Пришла Лия Ревазовна. Она сжала локти руками, словно ее знобило, лицо стало еще более бледным, а глаза совсем почернели.
— Он придет в себя, — сказала она тихо. — Вы не тревожьтесь. Сами понимаете, как это тяжко для него.
— Понимаем, — ответила Нина. — Мы его любим, Лия Ревазовна, его нельзя не любить, — произнесла она и почувствовала, как у нее накипели слезы.
— Спасибо вам, Ниночка, — тихо ответила Лия Ревазовна.
Они уехали с Виктором, потом Нина раза два звонила им, отвечала Лия Ревазовна:
— Он немножко приболел, Ниночка… С ним это раньше тоже случалось. Только вы не знали. Тут нужно выждать, и все. Вы не беспокойтесь.

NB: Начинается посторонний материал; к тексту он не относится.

text \<open>With \<open>y\<close> the
  increasing enumeration of \<open>Y\<close>, \<open>B E m\<close> uses the indices \<open>g E (i + m) + (k - m)\<close>; any gaps \<open>\<ge> 2\<close> in \<open>g E\<close> give the
  rungs, and the factor \<open>E + 1\<close> above position \<open>k\<close> makes consecutive rows interleave.\<close>
lemma plegma_ladder:
  assumes "infinite Y"
  obtains B :: "nat \<Rightarrow> nat \<Rightarrow> nat set" where
    "\<And>E m. m < k \<Longrightarrow> plegma_pair Y k (B E m) (B E (Suc m))"
    "\<And>E. plegma_pair Y k (B E k) (B (Suc E) k)"
    "\<And>E. B E 0 = B 0 0"
proof -
  define y where "y = enumerate Y"
  have y_mono: "strict_mono y" and y_in: "\<And>n. y n \<in> Y"
    using assms by (simp_all add: y_def strict_mono_enumerate enumerate_in_set)
  define g where "g E d = (if d \<le> k then 1 else Suc E) * 3^d" for E d :: nat
  have g_gap: "g E d + 2 \<le> g E (Suc d)" for E d
  proof -
    define c where "c d = (if d \<le> k then 1 else Suc E)" for d
    have "c d \<le> c (Suc d)" "1 \<le> c (Suc d)" by (simp_all add: c_def)
    then have "c d * 3^d + 2 \<le> c (Suc d) * 3^d + 2 * (c (Suc d) * 3^d)"
      by (intro add_mono mult_right_mono) simp_all
    then show ?thesis by (simp add: g_def c_def[symmetric])
  qed
  have g_high: "g E (i + k) = Suc E * 3^(i + k)" if "1 \<le> i" for E i :: nat
    using that by (simp add: g_def)
  define B where "B E m = (\<lambda>i. y (g E (i + m) + (k - m))) ` {1..k}" for E m
  show thesis
  proof (rule that)
    fix E m assume "m < k"
    show "plegma_pair Y k (B E m) (B E (Suc m))"
      unfolding B_def
    proof (rule plegma_pair_image)
      fix i
      have "g E (i + m) + (k - m) < g E (Suc (i + m)) + (k - Suc m)"
        using g_gap[of E "i + m"] \<open>m < k\<close> by simp
      then show "y (g E (i + m) + (k - m)) < y (g E (i + Suc m) + (k - Suc m))"
        using y_mono by (simp add: strict_mono_less)
      have "g E (i + Suc m) + (k - Suc m) < g E (Suc i + m) + (k - m)"
        using \<open>m < k\<close> by simp
      then show "y (g E (i + Suc m) + (k - Suc m)) < y (g E (Suc i + m) + (k - m))"
        using y_mono by (simp add: strict_mono_less)
    qed (auto simp: y_in)
  next
    fix E
    show "plegma_pair Y k (B E k) (B (Suc E) k)"
      unfolding B_def
    proof (rule plegma_pair_image)
      fix i :: nat assume "1 \<le> i"
      have "g E (i + k) < g (Suc E) (i + k)"
        using g_high[OF \<open>1 \<le> i\<close>, of E] g_high[OF \<open>1 \<le> i\<close>, of "Suc E"] by simp
      then show "y (g E (i + k) + (k - k)) < y (g (Suc E) (i + k) + (k - k))"
        using y_mono by (simp add: strict_mono_less)
      have "Suc (Suc E) * 3^(i + k) < Suc E * (3::nat)^(Suc i + k)" by simp
      then have "g (Suc E) (i + k) < g E (Suc i + k)"
        using g_high[OF \<open>1 \<le> i\<close>, of "Suc E"] g_high[of "Suc i" E] by simp
      then show "y (g (Suc E) (i + k) + (k - k)) < y (g E (Suc i + k) + (k - k))"
        using y_mono by (simp add: strict_mono_less)
    qed (auto simp: y_in)
  next
    fix E
    show "B E 0 = B 0 0"
      unfolding B_def by (intro image_cong) (simp_all add: g_def)
  qed
qed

И только после второго звонка она вдруг догадалась, что происходит с Семеном Семеновичем: он ушел в запой. Прежде Нина слышала, что с ним такое бывало, очень редко, но бывало, это после ссылки, но считала — то сплетни, не может интеллигентный человек опускаться до запоя, но вот… Ох, как же ей было жаль его! Ведь ему за семьдесят, может и не выдержать.
Глава шестая
1
Суд должен был начаться в десять утра, пригласили по повестке и Виктора как свидетеля. Нина вдруг занервничала, словно судить должны были не Владимира Сольцева, а ее. Прежде ей никогда не приходилось бывать на судебных заседаниях. Но Виктор заглядывал в суд из любопытства, когда слушали разные дела, связанные с событиями в городе, о которых так много шумели, особенно о деле бывшего председателя исполкома Шумилова, снискавшего себе славу хорошего и доброго человека, радевшего за красоту и благоустройство города, но вдруг оказавшегося взяточником, да еще замешанным в торговых делах фирмы «Океан».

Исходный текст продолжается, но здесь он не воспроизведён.